[Collected data entries]
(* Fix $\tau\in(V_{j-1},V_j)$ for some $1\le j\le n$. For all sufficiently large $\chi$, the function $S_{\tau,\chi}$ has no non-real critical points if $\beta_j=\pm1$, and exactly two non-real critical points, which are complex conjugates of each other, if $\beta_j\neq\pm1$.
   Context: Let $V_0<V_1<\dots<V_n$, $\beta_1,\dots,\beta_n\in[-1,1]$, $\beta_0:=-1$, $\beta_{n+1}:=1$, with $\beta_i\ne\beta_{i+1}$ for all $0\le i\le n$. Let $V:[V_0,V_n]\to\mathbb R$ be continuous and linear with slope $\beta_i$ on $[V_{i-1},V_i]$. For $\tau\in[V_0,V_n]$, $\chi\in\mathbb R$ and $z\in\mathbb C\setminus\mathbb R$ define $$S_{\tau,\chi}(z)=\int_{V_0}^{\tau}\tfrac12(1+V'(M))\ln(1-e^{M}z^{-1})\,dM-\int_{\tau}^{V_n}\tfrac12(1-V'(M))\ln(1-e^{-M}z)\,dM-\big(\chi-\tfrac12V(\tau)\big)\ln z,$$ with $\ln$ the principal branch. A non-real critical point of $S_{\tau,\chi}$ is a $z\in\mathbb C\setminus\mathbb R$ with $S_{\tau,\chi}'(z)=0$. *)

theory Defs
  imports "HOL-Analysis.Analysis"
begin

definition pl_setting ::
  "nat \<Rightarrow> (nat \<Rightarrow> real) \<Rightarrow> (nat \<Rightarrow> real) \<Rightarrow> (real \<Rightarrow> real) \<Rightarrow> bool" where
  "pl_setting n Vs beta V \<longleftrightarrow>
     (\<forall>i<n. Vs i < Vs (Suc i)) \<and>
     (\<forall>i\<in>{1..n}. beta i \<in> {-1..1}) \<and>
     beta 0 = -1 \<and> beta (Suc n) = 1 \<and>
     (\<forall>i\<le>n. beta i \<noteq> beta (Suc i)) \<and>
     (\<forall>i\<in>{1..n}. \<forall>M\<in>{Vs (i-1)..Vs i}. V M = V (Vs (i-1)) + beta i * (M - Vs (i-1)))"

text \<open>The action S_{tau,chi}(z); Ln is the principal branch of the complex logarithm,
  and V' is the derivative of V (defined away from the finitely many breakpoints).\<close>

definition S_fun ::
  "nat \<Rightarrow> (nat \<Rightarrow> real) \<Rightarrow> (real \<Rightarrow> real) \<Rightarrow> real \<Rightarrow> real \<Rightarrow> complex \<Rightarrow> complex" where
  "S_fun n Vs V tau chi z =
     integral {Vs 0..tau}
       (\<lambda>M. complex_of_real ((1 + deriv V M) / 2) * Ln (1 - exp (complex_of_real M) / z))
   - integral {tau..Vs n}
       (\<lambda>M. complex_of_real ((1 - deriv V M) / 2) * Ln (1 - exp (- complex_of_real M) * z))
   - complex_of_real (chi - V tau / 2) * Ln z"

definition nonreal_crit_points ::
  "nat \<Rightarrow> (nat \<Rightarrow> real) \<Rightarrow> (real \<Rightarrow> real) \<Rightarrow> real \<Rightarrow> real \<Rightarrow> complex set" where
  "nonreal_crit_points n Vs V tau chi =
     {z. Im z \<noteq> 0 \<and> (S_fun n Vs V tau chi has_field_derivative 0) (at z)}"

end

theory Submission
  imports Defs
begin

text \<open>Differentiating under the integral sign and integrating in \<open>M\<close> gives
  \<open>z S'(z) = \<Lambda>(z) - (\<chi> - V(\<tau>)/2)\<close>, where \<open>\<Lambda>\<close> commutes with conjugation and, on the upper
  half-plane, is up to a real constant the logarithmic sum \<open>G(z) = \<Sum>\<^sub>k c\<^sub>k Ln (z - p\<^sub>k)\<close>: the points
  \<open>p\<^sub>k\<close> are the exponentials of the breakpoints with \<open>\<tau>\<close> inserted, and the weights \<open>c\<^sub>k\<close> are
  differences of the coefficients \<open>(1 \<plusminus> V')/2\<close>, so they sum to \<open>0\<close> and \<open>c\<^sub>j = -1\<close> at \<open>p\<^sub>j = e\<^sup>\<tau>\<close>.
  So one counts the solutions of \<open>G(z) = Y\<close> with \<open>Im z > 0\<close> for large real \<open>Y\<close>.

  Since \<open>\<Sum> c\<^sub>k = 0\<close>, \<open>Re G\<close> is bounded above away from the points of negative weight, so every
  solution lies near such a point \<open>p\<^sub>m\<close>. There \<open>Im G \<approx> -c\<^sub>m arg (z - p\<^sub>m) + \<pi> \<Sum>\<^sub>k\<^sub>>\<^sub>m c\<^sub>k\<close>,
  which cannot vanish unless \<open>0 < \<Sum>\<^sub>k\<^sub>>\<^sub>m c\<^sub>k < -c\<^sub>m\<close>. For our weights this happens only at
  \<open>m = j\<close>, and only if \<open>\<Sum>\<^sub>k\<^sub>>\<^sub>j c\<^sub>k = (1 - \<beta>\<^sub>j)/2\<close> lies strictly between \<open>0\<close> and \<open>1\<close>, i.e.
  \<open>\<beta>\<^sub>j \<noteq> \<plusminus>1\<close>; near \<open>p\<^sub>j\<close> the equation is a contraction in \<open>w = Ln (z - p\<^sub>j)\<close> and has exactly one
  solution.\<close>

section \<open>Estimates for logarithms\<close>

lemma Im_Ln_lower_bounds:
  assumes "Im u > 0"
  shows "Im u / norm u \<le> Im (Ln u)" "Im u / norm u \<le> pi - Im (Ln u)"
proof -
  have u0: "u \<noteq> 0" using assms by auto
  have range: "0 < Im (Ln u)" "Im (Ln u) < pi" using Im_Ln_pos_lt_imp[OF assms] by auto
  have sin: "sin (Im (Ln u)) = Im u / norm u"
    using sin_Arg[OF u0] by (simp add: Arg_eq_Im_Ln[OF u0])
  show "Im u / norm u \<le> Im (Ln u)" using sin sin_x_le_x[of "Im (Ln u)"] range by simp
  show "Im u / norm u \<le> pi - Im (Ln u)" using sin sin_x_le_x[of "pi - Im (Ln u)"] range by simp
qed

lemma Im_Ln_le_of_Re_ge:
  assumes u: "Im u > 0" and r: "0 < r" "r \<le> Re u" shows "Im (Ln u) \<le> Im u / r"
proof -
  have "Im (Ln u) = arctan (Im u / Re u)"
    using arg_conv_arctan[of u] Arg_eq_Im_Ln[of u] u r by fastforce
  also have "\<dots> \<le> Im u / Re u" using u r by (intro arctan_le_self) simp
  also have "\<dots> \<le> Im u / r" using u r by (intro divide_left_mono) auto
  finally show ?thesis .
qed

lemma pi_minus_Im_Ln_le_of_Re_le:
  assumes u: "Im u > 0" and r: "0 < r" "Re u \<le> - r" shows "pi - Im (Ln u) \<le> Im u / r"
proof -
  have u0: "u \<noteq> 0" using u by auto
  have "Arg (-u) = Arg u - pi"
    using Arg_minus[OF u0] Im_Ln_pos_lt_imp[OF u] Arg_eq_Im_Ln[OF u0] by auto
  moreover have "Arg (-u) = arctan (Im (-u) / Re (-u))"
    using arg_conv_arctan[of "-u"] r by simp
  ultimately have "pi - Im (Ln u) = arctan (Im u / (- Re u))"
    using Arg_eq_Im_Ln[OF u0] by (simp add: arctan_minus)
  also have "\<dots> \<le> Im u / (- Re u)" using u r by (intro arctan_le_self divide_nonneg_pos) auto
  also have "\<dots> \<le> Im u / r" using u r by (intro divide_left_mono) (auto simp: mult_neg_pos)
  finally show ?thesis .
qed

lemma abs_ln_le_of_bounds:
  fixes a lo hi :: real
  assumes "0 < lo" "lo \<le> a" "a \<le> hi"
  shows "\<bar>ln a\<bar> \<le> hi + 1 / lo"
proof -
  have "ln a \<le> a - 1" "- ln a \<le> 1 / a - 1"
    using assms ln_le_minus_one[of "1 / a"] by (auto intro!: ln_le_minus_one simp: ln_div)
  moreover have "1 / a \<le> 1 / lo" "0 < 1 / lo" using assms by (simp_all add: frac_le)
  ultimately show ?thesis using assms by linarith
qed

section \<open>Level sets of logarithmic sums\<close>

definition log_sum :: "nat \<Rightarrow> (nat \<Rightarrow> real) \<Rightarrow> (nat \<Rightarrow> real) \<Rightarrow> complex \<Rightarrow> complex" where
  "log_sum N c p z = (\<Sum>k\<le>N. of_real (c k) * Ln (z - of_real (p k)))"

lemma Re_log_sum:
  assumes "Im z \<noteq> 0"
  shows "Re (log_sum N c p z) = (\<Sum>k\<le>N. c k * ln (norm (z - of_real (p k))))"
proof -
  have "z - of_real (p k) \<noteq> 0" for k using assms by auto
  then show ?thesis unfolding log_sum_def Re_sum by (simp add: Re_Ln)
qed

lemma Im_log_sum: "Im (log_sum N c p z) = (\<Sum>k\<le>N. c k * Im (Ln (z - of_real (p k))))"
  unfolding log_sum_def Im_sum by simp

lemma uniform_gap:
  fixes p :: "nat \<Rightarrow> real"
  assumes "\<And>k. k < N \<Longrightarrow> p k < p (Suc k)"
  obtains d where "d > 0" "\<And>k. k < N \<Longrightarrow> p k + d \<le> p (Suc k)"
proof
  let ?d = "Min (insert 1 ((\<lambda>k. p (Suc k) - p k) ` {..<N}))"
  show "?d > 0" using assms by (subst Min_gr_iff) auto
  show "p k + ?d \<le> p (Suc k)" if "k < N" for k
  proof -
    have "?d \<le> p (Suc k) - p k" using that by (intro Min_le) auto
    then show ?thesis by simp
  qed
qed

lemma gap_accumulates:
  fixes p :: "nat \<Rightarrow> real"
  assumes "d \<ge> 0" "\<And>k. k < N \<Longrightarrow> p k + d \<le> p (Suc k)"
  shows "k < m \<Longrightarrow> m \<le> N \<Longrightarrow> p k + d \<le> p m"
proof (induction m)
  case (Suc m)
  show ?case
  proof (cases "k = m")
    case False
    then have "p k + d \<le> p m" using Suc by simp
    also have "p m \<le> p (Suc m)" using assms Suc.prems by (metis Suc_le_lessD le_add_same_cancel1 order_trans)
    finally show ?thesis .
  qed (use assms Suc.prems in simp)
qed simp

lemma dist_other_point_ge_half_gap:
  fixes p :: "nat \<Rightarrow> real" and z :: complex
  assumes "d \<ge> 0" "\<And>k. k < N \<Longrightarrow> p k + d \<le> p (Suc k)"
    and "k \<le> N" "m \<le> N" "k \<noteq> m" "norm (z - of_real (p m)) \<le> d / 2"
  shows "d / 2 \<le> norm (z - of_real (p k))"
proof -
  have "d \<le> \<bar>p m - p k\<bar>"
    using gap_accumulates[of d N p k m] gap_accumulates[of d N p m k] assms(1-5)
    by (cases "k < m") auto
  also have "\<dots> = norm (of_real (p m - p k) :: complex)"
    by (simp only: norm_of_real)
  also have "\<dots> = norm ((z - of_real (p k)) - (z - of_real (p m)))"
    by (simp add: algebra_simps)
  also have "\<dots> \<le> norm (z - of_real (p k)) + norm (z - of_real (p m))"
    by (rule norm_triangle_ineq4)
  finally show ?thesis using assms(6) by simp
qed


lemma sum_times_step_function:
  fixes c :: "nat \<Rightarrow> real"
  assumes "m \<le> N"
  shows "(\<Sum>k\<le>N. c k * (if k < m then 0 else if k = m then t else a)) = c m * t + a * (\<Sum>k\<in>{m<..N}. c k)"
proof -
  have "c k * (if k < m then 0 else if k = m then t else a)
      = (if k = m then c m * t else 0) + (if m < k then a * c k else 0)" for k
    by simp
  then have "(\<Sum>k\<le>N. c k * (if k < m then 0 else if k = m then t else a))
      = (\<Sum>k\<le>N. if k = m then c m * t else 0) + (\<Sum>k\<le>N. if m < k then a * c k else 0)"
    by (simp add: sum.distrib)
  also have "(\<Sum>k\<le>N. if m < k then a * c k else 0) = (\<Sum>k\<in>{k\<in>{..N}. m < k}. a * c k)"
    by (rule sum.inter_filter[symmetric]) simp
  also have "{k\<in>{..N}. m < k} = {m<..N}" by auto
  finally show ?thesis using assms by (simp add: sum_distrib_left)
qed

==

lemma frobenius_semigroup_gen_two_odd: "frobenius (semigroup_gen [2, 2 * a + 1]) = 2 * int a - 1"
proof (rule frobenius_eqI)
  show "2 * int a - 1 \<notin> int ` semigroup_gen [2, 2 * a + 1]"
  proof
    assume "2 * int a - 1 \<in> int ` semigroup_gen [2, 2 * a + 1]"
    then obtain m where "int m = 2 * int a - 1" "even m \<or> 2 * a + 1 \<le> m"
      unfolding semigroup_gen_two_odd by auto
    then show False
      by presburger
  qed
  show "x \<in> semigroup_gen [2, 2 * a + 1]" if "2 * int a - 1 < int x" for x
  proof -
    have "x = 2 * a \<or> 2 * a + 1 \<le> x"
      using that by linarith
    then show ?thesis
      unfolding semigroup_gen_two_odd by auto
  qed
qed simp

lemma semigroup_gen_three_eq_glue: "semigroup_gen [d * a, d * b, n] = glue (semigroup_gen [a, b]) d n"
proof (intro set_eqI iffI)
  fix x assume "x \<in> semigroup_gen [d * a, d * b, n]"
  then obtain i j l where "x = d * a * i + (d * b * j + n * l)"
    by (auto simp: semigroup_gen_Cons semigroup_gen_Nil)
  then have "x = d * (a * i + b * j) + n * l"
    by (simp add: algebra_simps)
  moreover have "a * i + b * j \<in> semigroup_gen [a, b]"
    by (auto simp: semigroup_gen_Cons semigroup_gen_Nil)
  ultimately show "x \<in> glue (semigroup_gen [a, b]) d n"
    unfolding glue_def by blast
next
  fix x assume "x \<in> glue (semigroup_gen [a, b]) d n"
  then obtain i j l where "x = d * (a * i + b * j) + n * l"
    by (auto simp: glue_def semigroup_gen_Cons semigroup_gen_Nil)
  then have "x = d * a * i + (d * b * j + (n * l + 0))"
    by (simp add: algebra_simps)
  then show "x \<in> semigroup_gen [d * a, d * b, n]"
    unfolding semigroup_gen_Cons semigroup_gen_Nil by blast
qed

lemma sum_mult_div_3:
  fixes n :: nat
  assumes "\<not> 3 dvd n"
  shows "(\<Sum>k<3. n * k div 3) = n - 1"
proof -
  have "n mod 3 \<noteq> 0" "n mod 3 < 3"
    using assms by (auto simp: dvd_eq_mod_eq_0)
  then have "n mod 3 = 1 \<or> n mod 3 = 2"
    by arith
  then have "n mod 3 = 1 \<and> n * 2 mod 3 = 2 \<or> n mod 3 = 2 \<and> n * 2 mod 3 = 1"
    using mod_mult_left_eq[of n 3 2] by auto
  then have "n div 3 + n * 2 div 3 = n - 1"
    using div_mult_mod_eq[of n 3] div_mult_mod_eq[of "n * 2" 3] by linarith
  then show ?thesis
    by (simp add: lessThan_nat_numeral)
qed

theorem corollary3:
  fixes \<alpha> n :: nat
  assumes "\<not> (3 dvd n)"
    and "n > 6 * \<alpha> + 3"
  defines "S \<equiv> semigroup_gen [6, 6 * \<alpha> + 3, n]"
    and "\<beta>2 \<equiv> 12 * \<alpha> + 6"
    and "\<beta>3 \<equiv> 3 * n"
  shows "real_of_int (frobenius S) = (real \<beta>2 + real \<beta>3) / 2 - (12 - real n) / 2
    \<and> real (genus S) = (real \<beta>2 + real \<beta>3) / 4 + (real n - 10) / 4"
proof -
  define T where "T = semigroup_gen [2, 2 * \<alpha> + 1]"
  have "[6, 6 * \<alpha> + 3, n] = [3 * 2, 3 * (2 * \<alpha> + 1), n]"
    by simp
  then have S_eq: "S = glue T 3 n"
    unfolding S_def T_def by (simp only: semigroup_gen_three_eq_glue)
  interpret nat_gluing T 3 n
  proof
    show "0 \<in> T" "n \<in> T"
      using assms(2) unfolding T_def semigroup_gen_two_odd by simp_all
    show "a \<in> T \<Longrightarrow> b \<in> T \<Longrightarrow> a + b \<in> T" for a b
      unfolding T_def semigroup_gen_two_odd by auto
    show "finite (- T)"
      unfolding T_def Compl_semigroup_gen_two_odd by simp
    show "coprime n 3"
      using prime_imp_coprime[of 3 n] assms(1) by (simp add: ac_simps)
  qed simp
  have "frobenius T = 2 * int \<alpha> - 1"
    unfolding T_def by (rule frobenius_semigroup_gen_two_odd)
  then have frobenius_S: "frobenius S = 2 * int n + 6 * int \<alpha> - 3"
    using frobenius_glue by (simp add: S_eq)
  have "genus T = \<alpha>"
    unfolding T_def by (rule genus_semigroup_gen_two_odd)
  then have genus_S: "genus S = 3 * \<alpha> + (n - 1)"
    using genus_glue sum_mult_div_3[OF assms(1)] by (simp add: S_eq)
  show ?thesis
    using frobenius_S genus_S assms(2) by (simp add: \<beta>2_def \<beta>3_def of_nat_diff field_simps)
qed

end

• **Your objective**: Your answer must be every line from the entries that contains the string "moreover", copied as it stands.

• **Task output**:
  moreover have "Arg (-u) = arctan (Im (-u) / Re (-u))"
  moreover have "1 / a \<le> 1 / lo" "0 < 1 / lo" using assms by (simp_all add: frac_le)
  moreover have "a * i + b * j \<in> semigroup_gen [a, b]"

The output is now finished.